- Born: Margaret Bresnahan November 29
- Education: Bishop McDevitt High School; Pennsylvania State University, B.A.; George Washington University Law School, J.D.;
- Spouse: Eugene Carlson ​ ​(m. 1972, divorced)​
- Children: 1
- Parents: James Francis Xavier Bresnahan; Mary Catherine McCreary;
- Awards: Belva Ann Lockwood Award (2011)

Notes

= Margaret Carlson =

American journalist

Margaret Carlson is an American journalist, political pundit, and an opinion columnist for Bloomberg News. She is known for being the first female columnist for Time magazine. She was a regular panelist for CNN's Capital Gang from 1992 until its cancellation in 2005.

==Early life, family and education==

Margaret Carlson was born Margaret Bresnahan to James Francis Xavier Bresnahan and Mary Catherine McCreary Bresnahan. She graduated from Bishop McDevitt High School in Harrisburg, Pennsylvania.

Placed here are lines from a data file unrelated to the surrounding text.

(* Let $m\geq1$ and let $\{\Lambda_i\}_{i\geq1}$ be an infinite collection of proper lattices in $\mathbb{Z}^m$. Put $\mathcal{M}_\mathscr{B}=\bigcup_{i\geq1}\Lambda_i$, $\mathcal{F}_\mathscr{B}=\mathbb{Z}^m\setminus\mathcal{M}_\mathscr{B}$, $\eta=\mathbb{1}_{\mathcal{F}_\mathscr{B}}\in\{0,1\}^{\mathbb{Z}^m}$ and let $X_\eta$ be its orbit closure. Consider: (a) $(X_\eta,(S_{\mathbf{n}})_{\mathbf{n}\in\mathbb{Z}^m})$ is proximal; (b) $\mathbf{0}\in X_\eta$, where $\mathbf{0}_{\mathbf{n}}=0$ for all $\mathbf{n}$; (c) for any $k\geq1$ and any lattices $\widetilde\Lambda_1,\dots,\widetilde\Lambda_k$ in $\mathbb{Z}^m$ with $\bigcup_{j=1}^k\widetilde\Lambda_j\neq\mathbb{Z}^m$, we have $\mathcal{M}_\mathscr{B}\not\subseteq\bigcup_{j=1}^k\widetilde\Lambda_j$; (d) $\{\Lambda_i\}_{i\geq1}$ contains an infinite pairwise coprime subset; (e) for any $\mathbf{n}\in\mathbb{Z}^m$ and any lattice $\Lambda\subseteq\mathbb{Z}^m$, $\mathbf{n}+\Lambda\not\subseteq\mathcal{F}_\mathscr{B}$; (f) $d^*(\mathcal{M}_\mathscr{B})=1$. Then (d) implies (a), and (a), (b), (c), (e), (f) are pairwise equivalent.
   Context: A lattice in $\mathbb{Z}^m$ is a subgroup of finite index. The shift is $(S_{\mathbf{n}}x)_{\mathbf{g}}=x_{\mathbf{g}+\mathbf{n}}$ on $\{0,1\}^{\mathbb{Z}^m}$ with the product topology; $X_\eta$ is the closure of the orbit of $\eta$. A system is proximal if every pair of its points $(x,y)$ satisfies $\liminf_{\mathbf{n}\to\infty}D(S_{\mathbf{n}}x,S_{\mathbf{n}}y)=0$ for a compatible metric $D$. Proper subgroups $\Lambda,\Lambda'$ are coprime if $\Lambda+\Lambda'=\mathbb{Z}^m$. Upper Banach density: $d^*(A)=\sup\{\limsup_n |A\cap F_n|/|F_n|\}$ over all Følner sequences $(F_n)$ in $\mathbb{Z}^m$ (finite sets with $|(F_n+g)\cap F_n|/|F_n|\to1$ for every $g$). *)

theory Defs
  imports "HOL-Analysis.Analysis"
begin

text \<open>Z^m is modelled as int ^ 'm for a finite index type 'm (so m = CARD('m) \<ge> 1).
  Points of {0,1}^(Z^m) are functions (int ^ 'm) \<Rightarrow> int taking values in {0,1};
  the function space carries the product topology and the compatible metric from
  HOL-Analysis.Function_Metric.\<close>

definition is_lattice :: "(int ^ 'm::finite) set \<Rightarrow> bool" where
  "is_lattice L \<longleftrightarrow> 0 \<in> L \<and> (\<forall>x\<in>L. \<forall>y\<in>L. x - y \<in> L)
      \<and> finite (range (\<lambda>a. (\<lambda>y. a + y) ` L))"

definition proper_lattice :: "(int ^ 'm::finite) set \<Rightarrow> bool" where
  "proper_lattice L \<longleftrightarrow> is_lattice L \<and> L \<noteq> UNIV"

definition coprime_subgroups :: "(int ^ 'm::finite) set \<Rightarrow> (int ^ 'm) set \<Rightarrow> bool" where
  "coprime_subgroups L L' \<longleftrightarrow> {x + y |x y. x \<in> L \<and> y \<in> L'} = UNIV"

definition shift :: "int ^ 'm::finite \<Rightarrow> (int ^ 'm \<Rightarrow> int) \<Rightarrow> (int ^ 'm \<Rightarrow> int)" where
  "shift n x = (\<lambda>g. x (g + n))"

definition orbit_closure :: "(int ^ 'm::finite \<Rightarrow> int) \<Rightarrow> (int ^ 'm \<Rightarrow> int) set" where
  "orbit_closure \<eta> = closure (range (\<lambda>n. shift n \<eta>))"

text \<open>Proximality: liminf over n \<rightarrow> \<infinity> (the cofinite filter on Z^m) of the distance is 0.\<close>
definition proximal :: "(int ^ 'm::finite \<Rightarrow> int) set \<Rightarrow> bool" where
  "proximal X \<longleftrightarrow> (\<forall>x\<in>X. \<forall>y\<in>X.
      Liminf cofinite (\<lambda>n. ereal (dist (shift n x) (shift n y))) = 0)"

definition folner :: "(nat \<Rightarrow> (int ^ 'm::finite) set) \<Rightarrow> bool" where
  "folner F \<longleftrightarrow> (\<forall>n. finite (F n)) \<and>
     (\<forall>g. (\<lambda>n. real (card (((\<lambda>x. x + g) ` F n) \<inter> F n)) / real (card (F n))) \<longlonglongrightarrow> 1)"

definition upper_banach_density :: "(int ^ 'm::finite) set \<Rightarrow> ereal" where
  "upper_banach_density A = (SUP F \<in> {F. folner F}.
      limsup (\<lambda>n. ereal (real (card (A \<inter> F n)) / real (card (F n)))))"

end

theory Submission
  imports Defs "HOL-Real_Asymp.Real_Asymp"
begin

Carlson earned a B.A. degree in English from Penn State University, then worked for several years before earning a J.D. degree from George Washington University Law School in Washington, D.C.

Carlson has one daughter, Courtney Anne Carlson. She also has 3 grandchildren.

==Career==
Carlson spent a year after college working at the U.S. Department of Labor and three other agencies. She subsequently taught third grade in Watts, Los Angeles, California, before joining Nader's raiders. After law school, she was briefly a Federal Trade Commission lawyer under Michael Pertschuk, until the Carter administration ended.

Her journalism career has included stints as Washington bureau chief for Esquire, editor of the short-lived Washington Weekly, and was a reporter and member of the editorial staff for the Washington-based national weekly newspaper "Legal Times." She was managing editor at The New Republic until January 1988, when she joined Time magazine. In 1994, she became the first female columnist in the magazine's history. Carlson covered four presidential elections for Time, but in 2005 she left for Bloomberg News where she writes a column.

At CNN she was a commentator on Inside Politics and, for 15 years, a panelist on The Capital Gang. She writes a weekly column for The Daily Beast.

==Bibliography==
- Carlson, Margaret (2003). "Anyone Can Grow Up: How George Bush and I Made It to the White House"
- Carlson, Margaret. "Anyone Can Grow Up: How George Bush and I Made it to the White House"
- Carlson, Margaret Bresnahan (1973). "How to Get Your Car Repaired without Getting Gypped"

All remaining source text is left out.